A tank contains 500L of salty water. Pure water is pumped in at a rate of 10 L/sec, and the the mixture is pumped out at a rate of 15L/ sec. If the concentration of salt is 5g/L initially, form an equation of amount of salt, s, at t seconds.

This is a word problem with the task of forming a first order differential equation (or DE), and involves two major aspects that need to be worked out: the volume of water in the tank at any given point, and the amount of salt in the mixture at that same point. The water volume in the tank is constantly changing, as water is both being pumped in and out of the tank. Hence the expression for the volume of water can be written as 500 (the initial) + 10t(as 10 L are pumped in every second) - 15t (as 15L are pumped out), = 500-5t. The second aspect, the amount of salt at any given time, can be considered in terms of the rate of change of salt amount, or change in salt concentration. The salt concentration is very simply amount of salt/volume. As no salt is being added, only removed when being pumped out, the change in salt concentration is -15s/V, or -15s/500-5t, which can be simplified.
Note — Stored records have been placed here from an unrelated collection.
lemma excess_integral_add:
  fixes x y :: "real \<Rightarrow> real"
  assumes [measurable]: "x \<in> borel_measurable I01" "y \<in> borel_measurable I01"
  shows "excess_integral (s1 + s2) (\<lambda>t. x t + y t) \<le> excess_integral s1 x + excess_integral s2 y"
proof -
  have "ennreal (\<bar>x t + y t\<bar> - (s1 + s2)) \<le> ennreal (\<bar>x t\<bar> - s1) + ennreal (\<bar>y t\<bar> - s2)" for t
  proof -
    have "ennreal (\<bar>x t + y t\<bar> - (s1 + s2)) \<le> ennreal (max (\<bar>x t\<bar> - s1) 0 + max (\<bar>y t\<bar> - s2) 0)"
      by (intro ennreal_leI) auto
    also have "\<dots> = ennreal (\<bar>x t\<bar> - s1) + ennreal (\<bar>y t\<bar> - s2)"
      by (subst ennreal_plus) (auto simp: max_def ennreal_neg)
    finally show ?thesis .
  qed
  then have "excess_integral (s1 + s2) (\<lambda>t. x t + y t) \<le>
      (\<integral>\<^sup>+t. ennreal (\<bar>x t\<bar> - s1) + ennreal (\<bar>y t\<bar> - s2) \<partial>I01)"
    unfolding excess_integral_def by (rule nn_integral_mono)
  also have "\<dots> = excess_integral s1 x + excess_integral s2 y"
    unfolding excess_integral_def by (rule nn_integral_add) auto
  finally show ?thesis .
qed

lemma K_functional_add:
  fixes x y :: "real \<Rightarrow> real"
  assumes [measurable]: "x \<in> borel_measurable I01" "y \<in> borel_measurable I01" and r: "0 \<le> r"
  shows "K_functional r (\<lambda>t. x t + y t) \<le> K_functional r x + K_functional r y"
  unfolding K_functional_def[of r x] K_functional_def[of r y]
proof (rule ennreal_le_INF_add)
  fix s1 s2 :: real assume s: "s1 \<in> {0..}" "s2 \<in> {0..}"
  then have "K_functional r (\<lambda>t. x t + y t) \<le>
      ennreal (r * (s1 + s2)) + excess_integral (s1 + s2) (\<lambda>t. x t + y t)"
    by (intro K_functional_le) auto
  also have "\<dots> \<le> ennreal (r * s1) + ennreal (r * s2) + (excess_integral s1 x + excess_integral s2 y)"
    using s r by (intro add_mono excess_integral_add)
      (auto simp: distrib_left ennreal_plus[symmetric] simp del: ennreal_plus)
  finally show "K_functional r (\<lambda>t. x t + y t) \<le>
      ennreal (r * s1) + excess_integral s1 x + (ennreal (r * s2) + excess_integral s2 y)"
    by (simp add: ac_simps)
qed auto

lemma excess_integral_cmult:
  fixes x :: "real \<Rightarrow> real"
  assumes [measurable]: "x \<in> borel_measurable I01" and c: "0 \<le> c"
  shows "excess_integral (c * s) (\<lambda>t. c * x t) = ennreal c * excess_integral s x"
proof -
  have "excess_integral (c * s) (\<lambda>t. c * x t) = (\<integral>\<^sup>+t. ennreal c * ennreal (\<bar>x t\<bar> - s) \<partial>I01)"
    unfolding excess_integral_def using c
    by (intro nn_integral_cong) (auto simp: abs_mult right_diff_distrib ennreal_mult'[symmetric])
  also have "\<dots> = ennreal c * excess_integral s x"
    unfolding excess_integral_def by (rule nn_integral_cmult) auto
  finally show ?thesis .
qed

lemma K_functional_cmult_ge:
  fixes x :: "real \<Rightarrow> real"
  assumes [measurable]: "x \<in> borel_measurable I01" and c: "c \<noteq> 0"
  shows "ennreal \<bar>c\<bar> * K_functional r x \<le> K_functional r (\<lambda>t. c * x t)"
  unfolding K_functional_def[of r "\<lambda>t. c * x t"]
proof (rule INF_greatest)
  fix s :: real assume s: "s \<in> {0..}"
  define s' where "s' = s / \<bar>c\<bar>"
  have s': "s = \<bar>c\<bar> * s'" "0 \<le> s'" using c s by (auto simp: s'_def)
  have "excess_integral s (\<lambda>t. c * x t) = excess_integral (\<bar>c\<bar> * s') (\<lambda>t. \<bar>c\<bar> * x t)"
    unfolding excess_integral_def s' by (simp add: abs_mult)
  also have "\<dots> = ennreal \<bar>c\<bar> * excess_integral s' x" by (rule excess_integral_cmult) auto
  finally have "ennreal (r * s) + excess_integral s (\<lambda>t. c * x t) =
      ennreal \<bar>c\<bar> * (ennreal (r * s') + excess_integral s' x)"
    by (simp add: s' distrib_left ennreal_mult'[symmetric] ac_simps)
  also have "\<dots> \<ge> ennreal \<bar>c\<bar> * K_functional r x"
    by (intro mult_left_mono K_functional_le s') auto
  finally show "ennreal \<bar>c\<bar> * K_functional r x \<le> ennreal (r * s) + excess_integral s (\<lambda>t. c * x t)" .
qed

lemma K_functional_cmult:
  fixes x :: "real \<Rightarrow> real"
  assumes [measurable]: "x \<in> borel_measurable I01"
  shows "K_functional r (\<lambda>t. c * x t) = ennreal \<bar>c\<bar> * K_functional r x"
proof (cases "c = 0")
  case False
  have "ennreal \<bar>inverse c\<bar> * K_functional r (\<lambda>t. c * x t) \<le> K_functional r (\<lambda>t. inverse c * (c * x t))"
    using False by (intro K_functional_cmult_ge) auto
  also have "(\<lambda>t. inverse c * (c * x t)) = x" using False by auto
  finally have "ennreal \<bar>c\<bar> * (ennreal \<bar>inverse c\<bar> * K_functional r (\<lambda>t. c * x t)) \<le>
      ennreal \<bar>c\<bar> * K_functional r x"
    by (rule mult_left_mono) auto
  also have "ennreal \<bar>c\<bar> * (ennreal \<bar>inverse c\<bar> * K_functional r (\<lambda>t. c * x t)) =
      K_functional r (\<lambda>t. c * x t)"
    using False by (simp add: mult.assoc[symmetric] ennreal_mult[symmetric] abs_mult[symmetric]
        del: ennreal_mult' ennreal_mult'')
  finally show ?thesis using K_functional_cmult_ge[OF assms False] by (rule antisym)
qed simp

lemma K_functional_equimeasurable:
  assumes "x \<in> borel_measurable I01" "y \<in> borel_measurable I01" "equimeasurable x y"
  shows "K_functional r x = K_functional r y"
proof -
  have "excess_integral s x = excess_integral s y" for s
    unfolding excess_integral_def
    using nn_integral_abs_eq_if_equimeasurable[OF assms(1,2) _ assms(3), of "\<lambda>u. ennreal (u - s)"]
    by simp
  then show ?thesis unfolding K_functional_def by simp
qed

lemma excess_integral_indicator:
  assumes "0 \<le> r" "0 \<le> s" "s \<le> 1"
  shows "excess_integral r (indicator {0<..<s}) = ennreal (1 - r) * ennreal s"
proof -
  have "excess_integral r (indicator {0<..<s}) =
      (\<integral>\<^sup>+t. ennreal (1 - r) * indicator {0<..<s} t \<partial>I01)"
    unfolding excess_integral_def using assms
    by (intro nn_integral_cong) (auto simp: indicator_def ennreal_neg)
  also have "\<dots> = ennreal (1 - r) * emeasure I01 {0<..<s}"
    using assms by (intro nn_integral_cmult_indicator) (auto intro: sets_restrict_space_iff[THEN iffD2])
  finally show ?thesis using emeasure_I01_Ioo assms by simp
qed

lemma K_functional_indicator:
  assumes "0 < r" "0 < s" "s \<le> 1"
  shows "K_functional r (indicator {0<..<s}) = ennreal (min r s)"
proof (rule antisym)
  have "K_functional r (indicator {0<..<s}) \<le> ennreal (r * 0) + excess_integral 0 (indicator {0<..<s})"
    by (rule K_functional_le) simp
  moreover have "K_functional r (indicator {0<..<s}) \<le> ennreal (r * 1) + excess_integral 1 (indicator {0<..<s})"
    by (rule K_functional_le) simp
  ultimately show "K_functional r (indicator {0<..<s}) \<le> ennreal (min r s)"
    using assms by (simp add: excess_integral_indicator min_def)
next
  show "ennreal (min r s) \<le> K_functional r (indicator {0<..<s})"
    unfolding K_functional_def
  proof (rule INF_greatest)
    fix u :: real assume u: "u \<in> {0..}"
    show "ennreal (min r s) \<le> ennreal (r * u) + excess_integral u (indicator {0<..<s})"
    proof (cases "u \<le> 1")
      case True
      have "min r s = u * min r s + (1 - u) * min r s" by (simp add: algebra_simps)
      also have "\<dots> \<le> u * r + (1 - u) * s"
        using u True by (intro add_mono mult_left_mono) auto
      finally have "ennreal (min r s) \<le> ennreal (r * u) + ennreal ((1 - u) * s)"
        using u True assms by (simp add: mult.commute flip: ennreal_plus del: ennreal_plus)
      then show ?thesis
        using u True assms by (simp add: excess_integral_indicator ennreal_mult)
    next
      case False
      then have "ennreal (min r s) \<le> ennreal (r * u)"
        using assms by (intro ennreal_leI) (auto simp: min_def intro: order.trans[of _ r])
      then show ?thesis by (rule order.trans) simp
    qed
  qed
qed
Hence, ds/dt = -3s/100-t, and hence ds/dt + 3s/100-t = 0. This is a first order homogeneous DE, and, using an integrating factor, e^{integral of (3/100-t) dt} , the equation becomes (100-t)^-3 ds/dt + 3y(100-t)^-4 (as the integral of 3/100-t is -3ln|100-t|). Applying the product rule and implicit differentiation, the differential of y(100-t)^-3 is the expression on the LHS, and hence integrating both sides of the DE gives this expression, with the final answer being y(100-t)^-3= C (as the integral of 0 is 0, and the constant of integration can hence be placed on the RHS for simplicity). Using the initial boundary condition (as an initial concentration of 5g/L of salt means there is 5X500 grams of salt initially), the value of the constant of integration can then be found as 1/400. The final equation formed is hence y(100-t)^-3= 1/400, or y = 1/400(100-t)³.